Collected data entries:

(* Let $m\in\mathbb{N}$ and let $V(x)=\sum_{k\in\mathbb{Z}}\widehat{V}(2k)e^{i2k\pi x}$ be a 1-periodic complex-valued distribution belonging to $H_{+}^{-m}$. Then each of the operators $S_{\pm}(V)$ is well defined on the Hilbert space $L_{2}(0,1)$ as an $m$-sectorial operator, namely as the form-sum $S_{\pm}(V)=D_{\pm}^{2m}\dotplus V(x)$. Here $S_{\pm}(V)$ is the operator associated (via the first representation theorem) with the sesquilinear form $$t_{\pm}[u,v]:=\langle D_{\pm}^{2m}u,v\rangle_{\pm}+\langle V(x)u,v\rangle_{\pm},\qquad \mathrm{Dom}(t_{\pm})=H_{\pm}^{m},$$ and this form is densely defined, closed and sectorial on $L_2(0,1)$. Moreover $$\mathrm{Dom}(S_{\pm})=\{u\in H_{\pm}^{m}\mid D_{\pm}^{2m}u+V(x)u\in L_{2}(0,1)\},\qquad S_{\pm}(V)u=D_{\pm}^{2m}u+V(x)u,\quad u\in\mathrm{Dom}(S_{\pm}).$$
   Context: For $s\in\mathbb{R}$, $H_{+}^{s}$ is the space of formal series $f=\sum_{k\in\mathbb{Z}}\widehat f(2k)e^{i2k\pi x}$ (1-periodic functions/distributions on $[0,1]$) with $\|f\|_{H_+^s}^2=\sum_k\langle 2k\rangle^{2s}|\widehat f(2k)|^2<\infty$, and $H_{-}^{s}$ is the space of formal series $f=\sum_{k}\widehat f(2k+1)e^{i(2k+1)\pi x}$ (1-semiperiodic, i.e. antiperiodic) with $\|f\|_{H_-^s}^2=\sum_k\langle 2k+1\rangle^{2s}|\widehat f(2k+1)|^2<\infty$, where $\langle k\rangle=1+|k|$; $H_\pm^0=L_2(0,1)$. $\langle\cdot,\cdot\rangle_{\pm}$ denotes the sesquilinear pairing between $H_\pm^{s}$ and $H_\pm^{-s}$ obtained by extending by continuity the $L_2(0,1)$ inner product $(f,g)=\int_0^1 f\overline g\,dx$. $D_{\pm}=-i\,d/dx$ with domain $H_\pm^1$, and $D_\pm^{2m}=|D_\pm|^{2m}$ (acting on Fourier coefficients as multiplication by $(n\pi)^{2m}$ on the mode $e^{in\pi x}$), with domain $H_\pm^{2m}$, extended to $H_\pm^{s}\to H_\pm^{s-2m}$. For $V\in H_+^{-m}$ and $u\in H_\pm^{m}$, $V(x)u$ denotes the formal product of Fourier series, $V(x)u=\sum_n\big(\sum_j\widehat V(n-j)\widehat u(j)\big)e^{in\pi x}$, which converges in $H_\pm^{-m}$. An operator $A$ on a Hilbert space is $m$-sectorial if its numerical range $\{(Au,u):u\in\mathrm{Dom}(A),\|u\|=1\}$ lies in a sector $\{\lambda:|\arg(\lambda-\gamma)|\le\theta\}$ with $\gamma\in\mathbb{R}$, $0\le\theta<\pi/2$, and the exterior of this sector lies in the resolvent set of $A$. The form-sum $D_\pm^{2m}\dotplus V$ means the $m$-sectorial operator associated with the closed sectorial form $t_\pm$ in Kato's sense (i.e. $\mathrm{Dom}(S_\pm)\subseteq\mathrm{Dom}(t_\pm)$ and $t_\pm[u,v]=(S_\pm u,v)$ for $u\in\mathrm{Dom}(S_\pm)$, $v\in\mathrm{Dom}(t_\pm)$). *)

theory Defs
  imports "HOL-Analysis.Analysis"
begin

text \<open>Model: a 1-periodic (pos = True) resp. 1-semiperiodic (pos = False) function/distribution
  on [0,1] is represented by its Fourier coefficients c :: int => complex, where c n is the
  coefficient of exp(i n pi x). Periodic series only have even n, semiperiodic only odd n.
  Via the Fourier isomorphism (both families are orthonormal bases of L2(0,1)),
  L2(0,1) is identified with the space hs pos 0.\<close>

definition wt :: "int \<Rightarrow> real" where
  "wt n = 1 + real_of_int \<bar>n\<bar>"

definition parity_ok :: "bool \<Rightarrow> (int \<Rightarrow> complex) \<Rightarrow> bool" where
  "parity_ok pos f \<longleftrightarrow> (\<forall>n. f n \<noteq> 0 \<longrightarrow> (even n \<longleftrightarrow> pos))"

definition hs :: "bool \<Rightarrow> real \<Rightarrow> (int \<Rightarrow> complex) set" where
  "hs pos s = {f. parity_ok pos f \<and>
      (\<lambda>n. wt n powr (2 * s) * (cmod (f n))\<^sup>2) summable_on UNIV}"

abbreviation L2 :: "bool \<Rightarrow> (int \<Rightarrow> complex) set" where
  "L2 pos \<equiv> hs pos 0"

definition pair :: "(int \<Rightarrow> complex) \<Rightarrow> (int \<Rightarrow> complex) \<Rightarrow> complex" where
  "pair f g = (\<Sum>\<^sub>\<infinity>n. f n * cnj (g n))"

definition l2norm :: "(int \<Rightarrow> complex) \<Rightarrow> real" where
  "l2norm f = sqrt (\<Sum>\<^sub>\<infinity>n. (cmod (f n))\<^sup>2)"

definition Dpow :: "nat \<Rightarrow> (int \<Rightarrow> complex) \<Rightarrow> (int \<Rightarrow> complex)" where
  "Dpow m u = (\<lambda>n. complex_of_real ((real_of_int n * pi) ^ (2 * m)) * u n)"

TASK
Copy the data above exactly. Every line must be included.

SOLUTION FOR THIS PROBLEM
(* Let $m\in\mathbb{N}$ and let $V(x)=\sum_{k\in\mathbb{Z}}\widehat{V}(2k)e^{i2k\pi x}$ be a 1-periodic complex-valued distribution belonging to $H_{+}^{-m}$. Then each of the operators $S_{\pm}(V)$ is well defined on the Hilbert space $L_{2}(0,1)$ as an $m$-sectorial operator, namely as the form-sum $S_{\pm}(V)=D_{\pm}^{2m}\dotplus V(x)$. Here $S_{\pm}(V)$ is the operator associated (via the first representation theorem) with the sesquilinear form $$t_{\pm}[u,v]:=\langle D_{\pm}^{2m}u,v\rangle_{\pm}+\langle V(x)u,v\rangle_{\pm},\qquad \mathrm{Dom}(t_{\pm})=H_{\pm}^{m},$$ and this form is densely defined, closed and sectorial on $L_2(0,1)$. Moreover $$\mathrm{Dom}(S_{\pm})=\{u\in H_{\pm}^{m}\mid D_{\pm}^{2m}u+V(x)u\in L_{2}(0,1)\},\qquad S_{\pm}(V)u=D_{\pm}^{2m}u+V(x)u,\quad u\in\mathrm{Dom}(S_{\pm}).$$
   Context: For $s\in\mathbb{R}$, $H_{+}^{s}$ is the space of formal series $f=\sum_{k\in\mathbb{Z}}\widehat f(2k)e^{i2k\pi x}$ (1-periodic functions/distributions on $[0,1]$) with $\|f\|_{H_+^s}^2=\sum_k\langle 2k\rangle^{2s}|\widehat f(2k)|^2<\infty$, and $H_{-}^{s}$ is the space of formal series $f=\sum_{k}\widehat f(2k+1)e^{i(2k+1)\pi x}$ (1-semiperiodic, i.e. antiperiodic) with $\|f\|_{H_-^s}^2=\sum_k\langle 2k+1\rangle^{2s}|\widehat f(2k+1)|^2<\infty$, where $\langle k\rangle=1+|k|$; $H_\pm^0=L_2(0,1)$. $\langle\cdot,\cdot\rangle_{\pm}$ denotes the sesquilinear pairing between $H_\pm^{s}$ and $H_\pm^{-s}$ obtained by extending by continuity the $L_2(0,1)$ inner product $(f,g)=\int_0^1 f\overline g\,dx$. $D_{\pm}=-i\,d/dx$ with domain $H_\pm^1$, and $D_\pm^{2m}=|D_\pm|^{2m}$ (acting on Fourier coefficients as multiplication by $(n\pi)^{2m}$ on the mode $e^{in\pi x}$), with domain $H_\pm^{2m}$, extended to $H_\pm^{s}\to H_\pm^{s-2m}$. For $V\in H_+^{-m}$ and $u\in H_\pm^{m}$, $V(x)u$ denotes the formal product of Fourier series, $V(x)u=\sum_n\big(\sum_j\widehat V(n-j)\widehat u(j)\big)e^{in\pi x}$, which converges in $H_\pm^{-m}$. An operator $A$ on a Hilbert space is $m$-sectorial if its numerical range $\{(Au,u):u\in\mathrm{Dom}(A),\|u\|=1\}$ lies in a sector $\{\lambda:|\arg(\lambda-\gamma)|\le\theta\}$ with $\gamma\in\mathbb{R}$, $0\le\theta<\pi/2$, and the exterior of this sector lies in the resolvent set of $A$. The form-sum $D_\pm^{2m}\dotplus V$ means the $m$-sectorial operator associated with the closed sectorial form $t_\pm$ in Kato's sense (i.e. $\mathrm{Dom}(S_\pm)\subseteq\mathrm{Dom}(t_\pm)$ and $t_\pm[u,v]=(S_\pm u,v)$ for $u\in\mathrm{Dom}(S_\pm)$, $v\in\mathrm{Dom}(t_\pm)$). *)

theory Defs
  imports "HOL-Analysis.Analysis"
begin

text \<open>Model: a 1-periodic (pos = True) resp. 1-semiperiodic (pos = False) function/distribution
  on [0,1] is represented by its Fourier coefficients c :: int => complex, where c n is the
  coefficient of exp(i n pi x). Periodic series only have even n, semiperiodic only odd n.
  Via the Fourier isomorphism (both families are orthonormal bases of L2(0,1)),
  L2(0,1) is identified with the space hs pos 0.\<close>

definition wt :: "int \<Rightarrow> real" where
  "wt n = 1 + real_of_int \<bar>n\<bar>"

definition parity_ok :: "bool \<Rightarrow> (int \<Rightarrow> complex) \<Rightarrow> bool" where
  "parity_ok pos f \<longleftrightarrow> (\<forall>n. f n \<noteq> 0 \<longrightarrow> (even n \<longleftrightarrow> pos))"

definition hs :: "bool \<Rightarrow> real \<Rightarrow> (int \<Rightarrow> complex) set" where
  "hs pos s = {f. parity_ok pos f \<and>
      (\<lambda>n. wt n powr (2 * s) * (cmod (f n))\<^sup>2) summable_on UNIV}"

abbreviation L2 :: "bool \<Rightarrow> (int \<Rightarrow> complex) set" where
  "L2 pos \<equiv> hs pos 0"

definition pair :: "(int \<Rightarrow> complex) \<Rightarrow> (int \<Rightarrow> complex) \<Rightarrow> complex" where
  "pair f g = (\<Sum>\<^sub>\<infinity>n. f n * cnj (g n))"

definition l2norm :: "(int \<Rightarrow> complex) \<Rightarrow> real" where
  "l2norm f = sqrt (\<Sum>\<^sub>\<infinity>n. (cmod (f n))\<^sup>2)"

definition Dpow :: "nat \<Rightarrow> (int \<Rightarrow> complex) \<Rightarrow> (int \<Rightarrow> complex)" where
  "Dpow m u = (\<lambda>n. complex_of_real ((real_of_int n * pi) ^ (2 * m)) * u n)"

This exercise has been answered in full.